▸ **Task directions**
Go to the line containing "0 \<le> w \<bullet> (A" in the records below and print it and every following line exactly, on through the line containing "H \<le> real", then stop.

[Saved entries]
┌──

(* Let $\Omega\subseteq\mathbb{R}^n$ be open and convex, let $f:\Omega\to\mathbb{R}$ be convex and differentiable with $\nabla f$ Lipschitz continuous with constant $L$ (extend $f$ by $+\infty$ outside $\Omega$), let $g:\mathbb{R}^n\to\mathbb{R}\cup\{+\infty\}$ be convex with closed sublevel sets, and let $h=f+g$ have compact sublevel sets and $h^\star=\inf_x h(x)<\infty$. Run the oracle-structured minimization method (described in the context) from $x^0\in\Omega$, with parameters satisfying $\mu_{\max}\tau_{\min}>2L/(1-\alpha)$. Then $h(x^k)\to h^\star$ as $k\to\infty$.
   Context: Oracle-structured minimization method (OSMM). Fixed parameters: memory $M\ge1$ (integer), $\alpha,\beta\in(0,1)$, $\tau_{\min}>0$, $0<\mu_{\min}\le\mu_{\max}$, $\gamma_{\rm dec}\in(0,1)$, $\gamma_{\rm inc}>1$, and an initial $\mu_0\in[\mu_{\min},\mu_{\max}]$. There is a constant $C$ and, for each $k$, a symmetric positive semidefinite matrix $H_k$ with $\|H_k\|_2\le C$ (otherwise arbitrary). For $k=0,1,2,\dots$: (1) $l_k(x)=\max_{i=\max\{0,k-M+1\},\dots,k}\big(f(x^i)+\nabla f(x^i)^T(x-x^i)\big)$; $\tau_k=\operatorname{Tr}(H_k)/n$; $\lambda_k=\mu_k(\tau_k+\tau_{\min})$. (2) $x^{k+1/2}=\operatorname*{argmin}_x\big(l_k(x)+g(x)+\tfrac12(x-x^k)^T(H_k+\lambda_kI)(x-x^k)\big)$, $v^k=x^{k+1/2}-x^k$. (3) With $\phi_k(t)=f(x^k+tv^k)+t\,g(x^{k+1/2})+(1-t)g(x^k)$ for $t\in[0,1]$, let $t_k=\beta^j$ where $j$ is the smallest nonnegative integer with $\phi_k(t_k)\le h(x^k)-\frac{\alpha t_k}{2}(v^k)^T(H_k+\lambda_kI)v^k$; set $x^{k+1}=x^k+t_kv^k$. (4) $\mu_{k+1}=\max\{\gamma_{\rm dec}\mu_k,\mu_{\min}\}$ if $t_k=1$, and $\mu_{k+1}=\min\{\gamma_{\rm inc}\mu_k,\mu_{\max}\}$ if $t_k<1$. *)

theory Defs
  imports "HOL-Analysis.Analysis"
begin

definition extf :: "'a set \<Rightarrow> ('a \<Rightarrow> real) \<Rightarrow> 'a \<Rightarrow> ereal" where
  "extf \<Omega> f y = (if y \<in> \<Omega> then ereal (f y) else \<infinity>)"

definition convex_ereal :: "('a::real_vector \<Rightarrow> ereal) \<Rightarrow> bool" where
  "convex_ereal g \<longleftrightarrow> (\<forall>x y t. 0 < t \<and> t < 1 \<longrightarrow>
      g ((1 - t) *\<^sub>R x + t *\<^sub>R y) \<le> ereal (1 - t) * g x + ereal t * g y)"

end

(*
  The merit values h(x_k) are finite and, by the Armijo condition, nonincreasing. Suppose they
  stayed above h(y) for some y. Since the cutting-plane model lies between f and its linearization
  at x_k, testing the prox subproblem with the points (1 - s) x_k + s y shows that the predicted
  decrease Delta_k = grad f(x_k) . v_k + g(x_{k+1/2}) - g(x_k) is uniformly negative; with the
  descent lemma this forces t_k -> 0 and t_k ||v_k||^2 -> 0. But the iterates stay in the compact
  sublevel set {h <= h(x_0)}, which lies at a uniform distance delta inside Omega, and a trial step
  that stays in Omega and is shorter than (1 - alpha) lambda_min / (2 L) is always accepted. So
  every backtracked step has t_k >= T or t_k ||v_k||^2 >= beta delta^2, a contradiction.
*)

theory Submission
  imports Defs
begin

section \<open>Convex functions with Lipschitz gradient\<close>

lemma convex_on_gradient_inequality:
  fixes f :: "'a::real_inner \<Rightarrow> real"
  assumes f: "convex_on S f" and x: "x \<in> S" and y: "y \<in> S" and grad: "GDERIV f x :> D"
  shows "f x + D \<bullet> (y - x) \<le> f y"
proof -
  define u where "u = y - x"
  have line: "((\<lambda>t. x + t *\<^sub>R u) has_derivative (\<lambda>t. t *\<^sub>R u)) (at 0)"
    by (auto intro!: derivative_eq_intros)
  have "(f has_derivative (\<lambda>h. h \<bullet> D)) (at (x + 0 *\<^sub>R u))"
    using grad by (simp add: gderiv_def)
  from has_derivative_compose[OF line this]
  have "((\<lambda>t. f (x + t *\<^sub>R u)) has_derivative (\<lambda>t. (D \<bullet> u) * t)) (at 0)"
    by (simp add: inner_commute mult.commute)
  then have "((\<lambda>t. f (x + t *\<^sub>R u)) has_real_derivative (D \<bullet> u)) (at 0 within {0<..})"
    unfolding has_field_derivative_def by (rule has_derivative_at_withinI)
  then have slope: "((\<lambda>t. (f (x + t *\<^sub>R u) - f x) / t) \<longlongrightarrow> D \<bullet> u) (at_right 0)"
    by (simp add: has_field_derivative_iff)
  have "\<forall>\<^sub>F t in at_right 0. (f (x + t *\<^sub>R u) - f x) / t \<le> f y - f x"
    using eventually_at_right_real[OF zero_less_one]
  proof eventually_elim
    case (elim t)
    have "f (x + t *\<^sub>R u) = f ((1 - t) *\<^sub>R x + t *\<^sub>R y)"
      by (simp add: u_def algebra_simps)
    also have "\<dots> \<le> (1 - t) * f x + t * f y"
      using elim x y by (intro convex_onD[OF f]) auto
    finally show ?case
      using elim by (simp add: field_simps)
  qed
  from tendsto_upperbound[OF slope this] show ?thesis
    by (simp add: u_def)
qed

(* Convexity yields the descent lemma without integrating along the segment, at the price of
   the constant L instead of L/2. *)
lemma lipschitz_gradient_upper_bound:
  fixes f :: "'a::real_inner \<Rightarrow> real"
  assumes f: "convex_on S f" and x: "x \<in> S" and y: "y \<in> S"
    and grad: "GDERIV f x :> gradf x" "GDERIV f y :> gradf y"
    and lip: "norm (gradf y - gradf x) \<le> L * norm (y - x)"
  shows "f y \<le> f x + gradf x \<bullet> (y - x) + L * (norm (y - x))\<^sup>2"
proof -
  have "(gradf y - gradf x) \<bullet> (y - x) \<le> norm (gradf y - gradf x) * norm (y - x)"
    by (rule norm_cauchy_schwarz)
  also have "\<dots> \<le> L * (norm (y - x))\<^sup>2"
    using mult_right_mono[OF lip norm_ge_zero] by (simp add: power2_eq_square mult.assoc)
  finally show ?thesis
    using convex_on_gradient_inequality[OF f y x grad(2)]
    by (simp add: inner_diff_left inner_commute[of _ "x - y"] inner_diff_right)
qed

section \<open>The proximal metric\<close>

lemma quadratic_form_le_onorm:
  fixes A :: "real^'n^'n"
  shows "w \<bullet> (A *v w) \<le> onorm (\<lambda>w. A *v w) * (norm w)\<^sup>2"
proof -
  have "w \<bullet> (A *v w) \<le> norm w * norm (A *v w)"
    by (rule norm_cauchy_schwarz)
  also have "\<dots> \<le> norm w * (onorm (\<lambda>w. A *v w) * norm w)"
    by (intro mult_left_mono onorm matrix_vector_mul_bounded_linear) auto
  finally show ?thesis
    by (simp add: power2_eq_square mult_ac)
qed

lemma quadratic_form_add_scaled_identity:
  fixes A :: "real^'n^'n"
  shows "w \<bullet> ((A + c *\<^sub>R mat 1) *v w) = w \<bullet> (A *v w) + c * (norm w)\<^sup>2"
  by (simp add: matrix_vector_mult_add_rdistrib scaleR_matrix_vector_assoc[symmetric]
      inner_add_right power2_norm_eq_inner)

lemma diagonal_entry_eq_quadratic_form:
  fixes A :: "real^'n^'n"
  shows "A $ i $ i = axis i 1 \<bullet> (A *v axis i 1)"
  by (simp add: matrix_vector_mult_basis column_def inner_commute[of "axis i 1"]
      cart_eq_inner_axis[symmetric])

lemma trace_nonneg_if_psd:
  fixes A :: "real^'n^'n"
  assumes "\<And>w. 0 \<le> w \<bullet> (A *v w)"
  shows "0 \<le> trace A"
  unfolding trace_def diagonal_entry_eq_quadratic_form by (intro sum_nonneg assms)

lemma trace_le_card_onorm:
  fixes A :: "real^'n^'n"
  shows "trace A \<le> real CARD('n) * onorm (\<lambda>w. A *v w)"
proof -
  have "trace A \<le> (\<Sum>i\<in>(UNIV::'n set). onorm (\<lambda>w. A *v w))"
    unfolding trace_def diagonal_entry_eq_quadratic_form
    using quadratic_form_le_onorm[of "axis _ 1" A] by (intro sum_mono) simp
  then show ?thesis
    by simp
qed

lemma regularized_metric_bounds:
  fixes H :: "real^'n^'n"
  assumes psd: "\<And>w. 0 \<le> w \<bullet> (H *v w)" and bound: "onorm (\<lambda>w. H *v w) \<le> C"
    and \<mu>: "\<mu>min \<le> \<mu>" "\<mu> \<le> \<mu>max" and pos: "0 < \<mu>min" "0 < \<tau>min"
  defines "Q \<equiv> H + (\<mu> * (trace H / real CARD('n) + \<tau>min)) *\<^sub>R mat 1"
  shows "\<mu>min * \<tau>min * (norm w)\<^sup>2 \<le> w \<bullet> (Q *v w)"
    and "w \<bullet> (Q *v w) \<le> (C + \<mu>max * (C + \<tau>min)) * (norm w)\<^sup>2"
proof -
  define \<tau> where "\<tau> = trace H / real CARD('n)"
  have "trace H \<le> real CARD('n) * C"
    using trace_le_card_onorm[of H] bound by (meson mult_left_mono of_nat_0_le_iff order_trans)
  then have \<tau>: "0 \<le> \<tau>" "\<tau> \<le> C"
    using trace_nonneg_if_psd[OF psd] by (auto simp: \<tau>_def divide_simps mult.commute)
  have lam: "\<mu>min * \<tau>min \<le> \<mu> * (\<tau> + \<tau>min)" "\<mu> * (\<tau> + \<tau>min) \<le> \<mu>max * (C + \<tau>min)"
    using \<mu> pos \<tau> by (auto intro: mult_mono)
  have Q: "w \<bullet> (Q *v w) = w \<bullet> (H *v w) + \<mu> * (\<tau> + \<tau>min) * (norm w)\<^sup>2"
    by (simp add: Q_def \<tau>_def quadratic_form_add_scaled_identity)
  show "\<mu>min * \<tau>min * (norm w)\<^sup>2 \<le> w \<bullet> (Q *v w)"
    using Q psd[of w] mult_right_mono[OF lam(1) zero_le_power2, of "norm w"] by simp
  have "w \<bullet> (H *v w) \<le> C * (norm w)\<^sup>2"
    using quadratic_form_le_onorm[of w H] mult_right_mono[OF bound zero_le_power2, of "norm w"] by simp
  then show "w \<bullet> (Q *v w) \<le> (C + \<mu>max * (C + \<tau>min)) * (norm w)\<^sup>2"
    using Q mult_right_mono[OF lam(2) zero_le_power2, of "norm w"] by (simp add: distrib_right)
qed

lemma safeguarded_update_bounds:
  fixes \<mu> :: "nat \<Rightarrow> real"
  assumes "0 \<le> \<mu>min" "\<mu>min \<le> \<mu>max" "\<gamma>dec \<le> 1" "1 \<le> \<gamma>inc"
    and "\<mu>min \<le> \<mu> 0" "\<mu> 0 \<le> \<mu>max"
    and step: "\<And>k. \<mu> (Suc k) = (if b k then max (\<gamma>dec * \<mu> k) \<mu>min else min (\<gamma>inc * \<mu> k) \<mu>max)"
  shows "\<mu>min \<le> \<mu> k \<and> \<mu> k \<le> \<mu>max"
proof (induction k)
  case 0
  then show ?case
    using assms by simp
next
  case (Suc k)
  have "\<gamma>dec * \<mu> k \<le> \<mu> k" "\<mu> k \<le> \<gamma>inc * \<mu> k"
    using Suc assms mult_right_mono[of \<gamma>dec 1 "\<mu> k"] mult_right_mono[of 1 \<gamma>inc "\<mu> k"] by auto
  then show ?case
    using Suc assms(2) by (auto simp: step)
qed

└──

▸ **Answer**
  assumes "\<And>w. 0 \<le> w \<bullet> (A *v w)"
  shows "0 \<le> trace A"
  unfolding trace_def diagonal_entry_eq_quadratic_form by (intro sum_nonneg assms)

lemma trace_le_card_onorm:
  fixes A :: "real^'n^'n"
  shows "trace A \<le> real CARD('n) * onorm (\<lambda>w. A *v w)"
proof -
  have "trace A \<le> (\<Sum>i\<in>(UNIV::'n set). onorm (\<lambda>w. A *v w))"
    unfolding trace_def diagonal_entry_eq_quadratic_form
    using quadratic_form_le_onorm[of "axis _ 1" A] by (intro sum_mono) simp
  then show ?thesis
    by simp
qed

lemma regularized_metric_bounds:
  fixes H :: "real^'n^'n"
  assumes psd: "\<And>w. 0 \<le> w \<bullet> (H *v w)" and bound: "onorm (\<lambda>w. H *v w) \<le> C"
    and \<mu>: "\<mu>min \<le> \<mu>" "\<mu> \<le> \<mu>max" and pos: "0 < \<mu>min" "0 < \<tau>min"
  defines "Q \<equiv> H + (\<mu> * (trace H / real CARD('n) + \<tau>min)) *\<^sub>R mat 1"
  shows "\<mu>min * \<tau>min * (norm w)\<^sup>2 \<le> w \<bullet> (Q *v w)"
    and "w \<bullet> (Q *v w) \<le> (C + \<mu>max * (C + \<tau>min)) * (norm w)\<^sup>2"
proof -
  define \<tau> where "\<tau> = trace H / real CARD('n)"
  have "trace H \<le> real CARD('n) * C"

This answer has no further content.